Sarah: Harvard has the balance of everything I was looking for in a college. The academics are outstanding as well as the basketball program. It felt so right when I visited. The people, the setting, the atmosphere...it was like everything fit perfectly into the puzzle. I am a firm believer in listening to your gut instincts. My gut told me Harvard all the way!

GBALL: What was your freshman year like at Harvard? Were you intimidated to be at such a prestigious academic institution?

Sarah: Once I learned how to do laundry, I had a great freshman year! I adjusted well to the college life. Homesickness was not much of an issue, perhaps because I had family right here whom I saw each day. I met so many new, amazing, interesting, diverse people, as well as made some great friends. Academically speaking, at first it was a bit intimidating. All the stereotypes about Harvard run through a freshman's mind a billion times a day. However, after attending classes for a bit, learning where things were, and getting into a routine, I learned that Harvard is nothing to be intimidated by, but instead taken advantage of with the abundance of resources and things to learn and experience.

GBALL: What is your major? Why have you chosen that particular field?

Sarah: My major, or concentration as they call it here, is social anthropology. It is the study of people and their cultures all around the world. It is what is most appealing to me right now. My long-term goals are most definitely headed in the entrepreneurial direction. I am very excited to open my own business some day. I think studying the people and cultures around the world will help me in the business world because it will give me more perspective as to what the people outside my familiar, comfortable realm want and need.

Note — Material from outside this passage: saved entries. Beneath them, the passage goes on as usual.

lemma sum_inv_cube_l1_box_le:
  "sum inv_cube_l1 (int_box N - {(0, 0)}) \<le> 16 - 16 / real (N + 1)"
proof (induction N)
  case 0
  have "int_box 0 - {(0, 0)} = {}" by (auto simp: int_box_def)
  then show ?case by (simp only:) simp
next
  case (Suc N)
  define x where "x = real N + 1"
  have x: "x \<ge> 1" by (simp add: x_def)
  have "sum inv_cube_l1 (int_box (Suc N) - int_box N)
      \<le> real (card (int_box (Suc N) - int_box N)) * (1 / (real (Suc N))^3)"
    using inv_cube_l1_shell_le by (intro sum_bounded_above) auto
  also have "\<dots> = 8 * x * (1 / x^3)"
    by (simp add: card_int_box_shell x_def algebra_simps)
  also have "\<dots> = 8 / x^2"
    using x by (simp add: field_simps power3_eq_cube power2_eq_square)
  finally have shell: "sum inv_cube_l1 (int_box (Suc N) - int_box N) \<le> 8 / x^2" .
  have "int_box (Suc N) - {(0, 0)} = (int_box N - {(0, 0)}) \<union> (int_box (Suc N) - int_box N)"
    using int_box_mono[of N] by (auto simp: int_box_def)
  then have "sum inv_cube_l1 (int_box (Suc N) - {(0, 0)})
      = sum inv_cube_l1 (int_box N - {(0, 0)}) + sum inv_cube_l1 (int_box (Suc N) - int_box N)"
    by (simp add: sum.union_disjoint finite_int_box Diff_Int_distrib2)
  also have "\<dots> \<le> 16 - 16 / x + 8 / x^2"
    using Suc.IH shell by (simp add: x_def add.commute)
  also have "\<dots> \<le> 16 - 16 / (x + 1)"
  proof -
    have x0: "x \<noteq> 0" "x + 1 \<noteq> 0" using x by auto
    have "16 / x - 16 / (x + 1) - 8 / x^2 = (16 * x * (x + 1) - 16 * x^2 - 8 * (x + 1)) / (x^2 * (x + 1))"
      using x0 by (simp add: divide_simps power2_eq_square) (simp add: algebra_simps)
    also have "16 * x * (x + 1) - 16 * x^2 - 8 * (x + 1) = 8 * (x - 1)"
      by (simp add: algebra_simps power2_eq_square)
    finally have "16 / x - 16 / (x + 1) - 8 / x^2 = 8 * (x - 1) / (x^2 * (x + 1))" .
    moreover have "8 * (x - 1) / (x^2 * (x + 1)) \<ge> 0" using x by simp
    ultimately show ?thesis by linarith
  qed
  finally show ?case by (simp add: x_def add.commute)
qed

lemma inv_cube_l1_summable: "inv_cube_l1 summable_on (UNIV - {(0, 0)})"
proof (rule nonneg_bdd_above_summable_on)
  show "bdd_above (sum inv_cube_l1 ` {F. F \<subseteq> UNIV - {(0, 0)} \<and> finite F})"
  proof (rule bdd_aboveI)
    fix s assume "s \<in> sum inv_cube_l1 ` {F. F \<subseteq> UNIV - {(0, 0)} \<and> finite F}"
    then obtain F where F: "finite F" "F \<subseteq> UNIV - {(0, 0)}" and s: "s = sum inv_cube_l1 F" by auto
    define N where "N = Max (insert 0 ((\<lambda>(m, n). nat (max \<bar>m\<bar> \<bar>n\<bar>)) ` F))"
    have "F \<subseteq> int_box N - {(0, 0)}"
    proof
      fix x assume "x \<in> F"
      obtain m n where x: "x = (m, n)" by (cases x)
      have "nat (max \<bar>m\<bar> \<bar>n\<bar>) \<le> N" unfolding N_def
        using \<open>x \<in> F\<close> F(1) x by (intro Max_ge) auto
      then show "x \<in> int_box N - {(0, 0)}" using F(2) \<open>x \<in> F\<close> x by (auto simp: int_box_def)
    qed
    then have "sum inv_cube_l1 F \<le> sum inv_cube_l1 (int_box N - {(0, 0)})"
      by (intro sum_mono2) (auto simp: finite_int_box inv_cube_l1_nonneg)
    also have "\<dots> \<le> 16" using sum_inv_cube_l1_box_le[of N] by (smt (verit) divide_nonneg_nonneg of_nat_0_le_iff)
    finally show "s \<le> 16" using s by simp
  qed
qed (simp add: inv_cube_l1_nonneg)

context period_lattice
begin

lemma inv_norm_cube_summable: "(\<lambda>\<omega>. 1 / cmod \<omega> ^ 3) summable_on (lattice \<tau> - {0})"
proof -
  have "((\<lambda>\<omega>. 1 / cmod \<omega> ^ 3) \<circ> lattice_pt) summable_on (UNIV - {(0, 0)})"
  proof (rule summable_on_comparison_test)
    show "(\<lambda>x. (1 / gap^3) * inv_cube_l1 x) summable_on (UNIV - {(0, 0)})"
      by (intro summable_on_cmult_right inv_cube_l1_summable)
    fix x :: "int \<times> int" assume x: "x \<in> UNIV - {(0, 0)}"
    obtain m n where xe: "x = (m, n)" by (cases x)
    have pos: "gap * (\<bar>of_int m\<bar> + \<bar>of_int n\<bar>) > 0" using x xe gap_pos by auto
    then have "(gap * (\<bar>of_int m\<bar> + \<bar>of_int n\<bar>))^3 \<le> cmod (lattice_pt (m, n)) ^ 3"
      using norm_lattice_pt_ge by (intro power_mono) auto
    moreover have "cmod (lattice_pt (m, n)) > 0" using norm_lattice_pt_ge[of m n] pos by linarith
    ultimately have "1 / cmod (lattice_pt (m, n)) ^ 3 \<le> 1 / (gap * (\<bar>of_int m\<bar> + \<bar>of_int n\<bar>))^3"
      using pos by (intro divide_left_mono) auto
    then show "((\<lambda>\<omega>. 1 / cmod \<omega> ^ 3) \<circ> lattice_pt) x \<le> (1 / gap^3) * inv_cube_l1 x"
      by (simp add: xe inv_cube_l1_def power_mult_distrib)
  qed simp
  then show ?thesis unfolding lattice_nonzero_eq
    by (subst summable_on_reindex) (auto intro: inj_on_subset[OF inj_lattice_pt])
qed

definition inv_cube_sum :: real where
  "inv_cube_sum = infsum (\<lambda>\<omega>. 1 / cmod \<omega> ^ 3) (lattice \<tau> - {0})"

lemma lattice_sum_dominated:
  fixes F :: "complex \<Rightarrow> complex"
  assumes "\<And>\<omega>. \<omega> \<in> lattice \<tau> - {0} \<Longrightarrow> norm (F \<omega>) \<le> K / cmod \<omega> ^ 3"
  shows "F summable_on (lattice \<tau> - {0})" "norm (infsum F (lattice \<tau> - {0})) \<le> K * inv_cube_sum"
proof -
  have s: "(\<lambda>\<omega>. K * (1 / cmod \<omega> ^ 3)) summable_on (lattice \<tau> - {0})"
    by (intro summable_on_cmult_right inv_norm_cube_summable)
  have ns: "(\<lambda>\<omega>. norm (F \<omega>)) summable_on (lattice \<tau> - {0})"
    by (rule summable_on_comparison_test[OF s]) (use assms in auto)
  then show "F summable_on (lattice \<tau> - {0})"
    by (simp add: summable_on_iff_abs_summable_on_complex)
  have "norm (infsum F (lattice \<tau> - {0})) \<le> infsum (\<lambda>\<omega>. norm (F \<omega>)) (lattice \<tau> - {0})"
    by (rule norm_infsum_bound) (use ns in simp)
  also have "\<dots> \<le> infsum (\<lambda>\<omega>. K * (1 / cmod \<omega> ^ 3)) (lattice \<tau> - {0})"
    by (rule infsum_mono[OF ns s]) (use assms in auto)
  also have "\<dots> = K * inv_cube_sum" unfolding inv_cube_sum_def
    by (rule infsum_cmult_right) (use inv_norm_cube_summable in auto)
  finally show "norm (infsum F (lattice \<tau> - {0})) \<le> K * inv_cube_sum" .
qed

lemma inv_norm_power_le:
  assumes "\<omega> \<in> lattice \<tau> - {0}" "k \<ge> 3"
  shows "1 / cmod \<omega> ^ k \<le> (1 / gap) ^ (k - 3) / cmod \<omega> ^ 3"
proof -
  have \<omega>: "cmod \<omega> \<ge> gap" "cmod \<omega> > 0" using norm_lattice_ge_gap norm_lattice_pos assms by auto
  have "gap ^ (k - 3) \<le> cmod \<omega> ^ (k - 3)" using \<omega> gap_pos by (intro power_mono) auto
  moreover have "cmod \<omega> ^ k = cmod \<omega> ^ (k - 3) * cmod \<omega> ^ 3"
    using assms(2) by (simp flip: power_add)
  ultimately show ?thesis using \<omega> gap_pos by (simp add: field_simps power_divide)
qed

lemma inv_power_summable:
  assumes "k \<ge> 3"
  shows "(\<lambda>\<omega>. 1 / \<omega>^k) summable_on (lattice \<tau> - {0})"
proof (rule lattice_sum_dominated(1))
  fix \<omega> assume "\<omega> \<in> lattice \<tau> - {0}"
  then show "norm (1 / \<omega>^k) \<le> (1 / gap) ^ (k - 3) / cmod \<omega> ^ 3"
    using inv_norm_power_le assms by (simp add: norm_divide norm_power)
qed

lemma infsum_lattice_odd:
  fixes F :: "complex \<Rightarrow> complex"
  assumes "\<And>\<omega>. F (- \<omega>) = - F \<omega>"
  shows "infsum F (lattice \<tau> - {0}) = 0"
proof -
  have "infsum F (lattice \<tau> - {0}) = infsum (\<lambda>\<omega>. F (- \<omega>)) (lattice \<tau> - {0})"
    using infsum_reindex_bij_betw[OF bij_uminus_lattice_nonzero, of F] by simp
  also have "\<dots> = - infsum F (lattice \<tau> - {0})"
    by (simp add: assms infsum_uminus)
  finally show ?thesis by simp
qed

end

section \<open>Holomorphy, parity and periodicity of \<open>\<wp>\<close>\<close>

lemma inv_square_taylor_rem_eq:
  fixes A \<delta> :: complex
  assumes "A \<noteq> 0" "A - \<delta> \<noteq> 0"
  shows "1 / (A - \<delta>)^2 - 1 / A^2 - 2 * \<delta> / A^3 = \<delta>^2 * (3 * A - 2 * \<delta>) / (A^3 * (A - \<delta>)^2)"
  using assms by (simp add: field_simps) algebra

lemma norm_inv_square_taylor_le:
  fixes A \<delta> :: complex
  assumes "A \<noteq> 0" "cmod \<delta> \<le> cmod A / 2"
  shows "norm (1 / (A - \<delta>)^2 - 1 / A^2 - 2 * \<delta> / A^3) \<le> 16 * cmod \<delta> ^ 2 / cmod A ^ 4"
proof -
  have a: "cmod A > 0" using assms by simp
  have n1: "cmod (3 * A - 2 * \<delta>) \<le> 4 * cmod A"
    using norm_triangle_ineq4[of "3 * A" "2 * \<delta>"] assms by (simp add: norm_mult)
  have n2: "cmod (A - \<delta>) \<ge> cmod A / 2"
    using norm_triangle_ineq2[of A \<delta>] assms by linarith
  then have "A - \<delta> \<noteq> 0" using a by auto
  then have "norm (1 / (A - \<delta>)^2 - 1 / A^2 - 2 * \<delta> / A^3)
      = cmod \<delta> ^ 2 * cmod (3 * A - 2 * \<delta>) / (cmod A ^ 3 * cmod (A - \<delta>) ^ 2)"
    using inv_square_taylor_rem_eq[OF assms(1)] by (simp add: norm_mult norm_divide norm_power)
  also have "\<dots> \<le> cmod \<delta> ^ 2 * (4 * cmod A) / (cmod A ^ 3 * (cmod A / 2) ^ 2)"
    using a n2 by (intro frac_le mult_left_mono n1 mult_pos_pos mult_mono power_mono) auto
  also have "\<dots> = 16 * cmod \<delta> ^ 2 / cmod A ^ 4"
    using a by (simp add: field_simps power2_eq_square power3_eq_cube power4_eq_xxxx)
  finally show ?thesis .
qed

definition wp_term :: "complex \<Rightarrow> complex \<Rightarrow> complex" where
  "wp_term z \<omega> = 1 / (z - \<omega>)^2 - 1 / \<omega>^2"

context period_lattice
begin

definition ldist :: "complex \<Rightarrow> real" where
  "ldist z = infdist z (lattice \<tau> - {0})"

definition lratio :: "complex \<Rightarrow> real" where
  "lratio z = 1 + cmod z / ldist z"

lemma ldist_pos:
  assumes "z \<notin> lattice \<tau> - {0}"
  shows "ldist z > 0"
proof -
  have "1 \<in> lattice \<tau> - {0}" by simp
  then have "lattice \<tau> - {0} \<noteq> {}" by blast
  then show ?thesis
    unfolding ldist_def by (intro infdist_pos_not_in_closed closed_lattice_nonzero assms)
qed

lemma lratio_ge_1: "z \<notin> lattice \<tau> - {0} \<Longrightarrow> lratio z \<ge> 1"
  using ldist_pos[of z] by (simp add: lratio_def)

lemma ldist_le_norm_diff:
  "\<omega> \<in> lattice \<tau> - {0} \<Longrightarrow> ldist z \<le> cmod (\<omega> - z)"
  using infdist_le[of \<omega> "lattice \<tau> - {0}" z] by (simp add: ldist_def dist_norm norm_minus_commute)

lemma norm_le_lratio_mult:
  assumes z: "z \<notin> lattice \<tau> - {0}" and \<omega>: "\<omega> \<in> lattice \<tau> - {0}"
  shows "cmod \<omega> \<le> lratio z * cmod (\<omega> - z)"
proof -
  have d: "ldist z > 0" using ldist_pos[OF z] .
  have "cmod \<omega> \<le> cmod (\<omega> - z) + cmod z" by (metis diff_add_cancel norm_triangle_ineq)
  also have "cmod z = cmod z / ldist z * ldist z" using d by simp
  also have "\<dots> \<le> cmod z / ldist z * cmod (\<omega> - z)"
    using ldist_le_norm_diff[OF \<omega>] d by (intro mult_left_mono) auto
  finally show ?thesis by (simp add: lratio_def algebra_simps)
qed

lemma inv_norm_diff_power_le:
  assumes z: "z \<notin> lattice \<tau> - {0}" and \<omega>: "\<omega> \<in> lattice \<tau> - {0}"
  shows "1 / cmod (\<omega> - z) ^ k \<le> lratio z ^ k / cmod \<omega> ^ k"
proof -
  have "cmod (\<omega> - z) > 0" using ldist_le_norm_diff[OF \<omega>, of z] ldist_pos[OF z] by linarith
  moreover have "cmod \<omega> ^ k \<le> (lratio z * cmod (\<omega> - z)) ^ k"
    using norm_le_lratio_mult[OF z \<omega>] by (intro power_mono) auto
  ultimately show ?thesis using norm_lattice_pos[OF \<omega>] by (simp add: field_simps power_mult_distrib)
qed

definition wp_reg :: "complex \<Rightarrow> complex" where
  "wp_reg z = infsum (wp_term z) (lattice \<tau> - {0})"

definition wp_reg' :: "complex \<Rightarrow> complex" where
  "wp_reg' z = infsum (\<lambda>\<omega>. -2 / (z - \<omega>)^3) (lattice \<tau> - {0})"

definition wp' :: "complex \<Rightarrow> complex" where
  "wp' z = -2 / z^3 + wp_reg' z"

lemma wp_eq_wp_reg: "wp \<tau> z = 1 / z^2 + wp_reg z"
  unfolding wp_def wp_reg_def wp_term_def[abs_def] by simp

lemma norm_wp_term_le:
  assumes z: "z \<notin> lattice \<tau> - {0}" and \<omega>: "\<omega> \<in> lattice \<tau> - {0}"
  shows "norm (wp_term z \<omega>) \<le> (cmod z * (2 + cmod z / gap) * lratio z ^ 2) / cmod \<omega> ^ 3"
proof -
  have "cmod (\<omega> - z) > 0" using ldist_le_norm_diff[OF \<omega>, of z] ldist_pos[OF z] by linarith
  moreover have p: "cmod \<omega> > 0" and gap: "gap \<le> cmod \<omega>"
    using norm_lattice_pos norm_lattice_ge_gap \<omega> by auto
  ultimately have "\<omega> \<noteq> 0" "z - \<omega> \<noteq> 0" "\<omega> - z \<noteq> 0" by auto
  then have "wp_term z \<omega> = z * (2 * \<omega> - z) * (1 / \<omega>^2) * (1 / (\<omega> - z)^2)"
    unfolding wp_term_def by (simp add: field_simps) algebra
  then have eq: "norm (wp_term z \<omega>)
      = cmod z * cmod (2 * \<omega> - z) * (1 / cmod \<omega> ^ 2) * (1 / cmod (\<omega> - z) ^ 2)"
    by (simp add: norm_mult norm_divide norm_power)
  have "cmod z \<le> cmod z / gap * cmod \<omega>"
    using mult_left_mono[OF gap, of "cmod z / gap"] gap_pos by simp
  then have n1: "cmod (2 * \<omega> - z) \<le> (2 + cmod z / gap) * cmod \<omega>"
    using norm_triangle_ineq4[of "2 * \<omega>" z] by (simp add: norm_mult algebra_simps)
  have "norm (wp_term z \<omega>) \<le> cmod z * ((2 + cmod z / gap) * cmod \<omega>) * (1 / cmod \<omega> ^ 2)
      * (lratio z ^ 2 / cmod \<omega> ^ 2)"
    unfolding eq using gap_pos
    by (intro mult_mono n1 inv_norm_diff_power_le[OF z \<omega>] mult_nonneg_nonneg) auto
  also have "\<dots> = (cmod z * (2 + cmod z / gap) * lratio z ^ 2) / cmod \<omega> ^ 3"
    using p by (simp add: field_simps power2_eq_square power3_eq_cube)
  finally show ?thesis .
qed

GBALL: Last year, you contracted mononucleosis, and it affected your play on the court. How did you deal with having such an illness?

Sarah: Mono was a definite challenge last season. I did not know I had it and played through it for awhile. My play was sluggish and it frustrated me to think I was experiencing a slump during such a crucial part of the season (Ivy League play). Fortunately I had a "happy strain" as I like to call it, and got through the worst of it relatively quickly. The best part of experiencing mono during my freshman year is that I don't have to worry about getting it again.

GBALL: What was your favorite on-court moment last season?

Sarah: Last year, a definite highlight of the season was beating Ohio State early in the preseason at our Harvard Invitational tournament. This year, my favorite basketball memory was the early Saturday morning practice we all shot 100% from the free throw line. This may not seem like such a big deal, but here at Harvard we have a rule about shooting 100%. That rule includes making the entire coaching staff run the next practice! Kathy, Trish, Stacey, and Steve all ran with the team. Needless to say, very little running was scheduled for that day.

GBALL: What are your goals for this year's team? What are your personal playing goals? Is there a part of your game that you're most proud of? What part of your game do you need to work the most at?

Sarah: This year's goals are set on being Ivy League Champions and making it to NCAA's. If we come together and play like we know we can, this is a perfectly attainable goal. Personally, I want to work on the consistency of my mental game. I take pride in my defense. Among all aspects of the game, I need to especially work on my outside shot and clean up some of my footwork.

GBALL: What advice would you give to high school students about finding the right program?

Sarah: Seek out every possible resource, don't be intimidated to ask any and all questions, listen to team feedback regarding the coaches and program, follow your gut, and go where your heart tells you is right!

Interview conducted by Gball Assistant Editor Lorraine Berry.